What you have to do: Search each line below for the word "where" and list those that contain it.

Available records:

= Beginning of Section =

theorem theorem5p5:
  fixes U :: "(real^3) set" and A B :: "real^3 \<Rightarrow> real" and p x :: "real^3"
  assumes "open U" and "p \<in> U"
    and "smooth_on U A" and "smooth_on U B"
    and "\<forall>q\<in>U. A q > 0" and "\<forall>q\<in>U. B q > 0"
    and "Q_basis x"
    and "gangle (gmet A B p) x (Pm *v x) \<noteq> pi / 2"
  shows "let g = gmet A B; gt = tmet A B; \<psi> = gangle (g p) x (Pm *v x);
             \<tau> = contr (ginv g p) (ricci g p);
             \<tau>s = contr (ginv gt p) (ricci g p);
             \<tau>t = contr (ginv gt p) (ricci gt p);
             \<tau>ts = contr (ginv g p) (ricci gt p)
         in ricdir gt p x =
              1 / cos \<psi> * ricdir g p x
              + 1 / (8 * cos \<psi>) * (3 * \<tau>ts + \<tau>t - 3 * \<tau> - \<tau>s)
              + 1 / 8 * (3 * \<tau>t + \<tau>ts - 3 * \<tau>s - \<tau>)"
proof -
  interpret blockdiag_chart U A B
    using assms(1,3,5,6) by unfold_locales auto
  obtain u w where R: "ricci (tmet A B) p = ricci (gmet A B) p + blockdiag u w"
    using ricci_tmet_eq_add_blockdiag[OF assms(2)] .
  define a b n m where "a = A p" and "b = B p"
    and "n = x$1 * x$1 + x$2 * x$2" and "m = x$3 * x$3"
  have ab: "a > 0" "b > 0" and "x \<noteq> 0"
    using assms(2,5,6,7) Q_basis_nonzero by (auto simp: a_def b_def)
  have g: "gmet A B p = blockdiag a b" and gt: "tmet A B p = blockdiag (- a) b"
    by (simp_all add: gmet_eq_blockdiag tmet_eq_blockdiag a_def b_def)
  have G: "bil (blockdiag a b) x x = a * n + b * m"
    and T: "bil (blockdiag (- a) b) x x = - a * n + b * m"
    and E: "bil (blockdiag u w) x x = u * n + w * m"
    by (simp_all add: bil_blockdiag n_def m_def)
  have "- a * n + b * m \<noteq> 0" "a * n + b * m \<noteq> 0"
    using bil_blockdiag_uminus_neq_0[OF ab \<open>x \<noteq> 0\<close>] bil_blockdiag_pos[OF ab \<open>x \<noteq> 0\<close>]
      assms(8) by (simp_all add: g G T)
  moreover have "contr (ginv (gmet A B) p) (blockdiag u w) = 2 * u / a + w / b"
    and "contr (ginv (tmet A B) p) (blockdiag u w) = - 2 * u / a + w / b"
    using ab
    by (simp_all add: ginv_def g gt matrix_inv_blockdiag contr_blockdiag,
        simp_all add: blockdiag_def)
  ultimately show ?thesis
    using ricdir_tmet_identity[of a b "a * n + b * m" "- a * n + b * m" n m]
      cos_gangle_blockdiag_Pm[OF ab \<open>x \<noteq> 0\<close>] ab
    by (simp add: Let_def ricdir_def R g gt bil_add_left contr_add_right G T E)
qed

end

= End of Section =

Response area:
  obtain u w where R: "ricci (tmet A B) p = ricci (gmet A B) p + blockdiag u w"
  define a b n m where "a = A p" and "b = B p"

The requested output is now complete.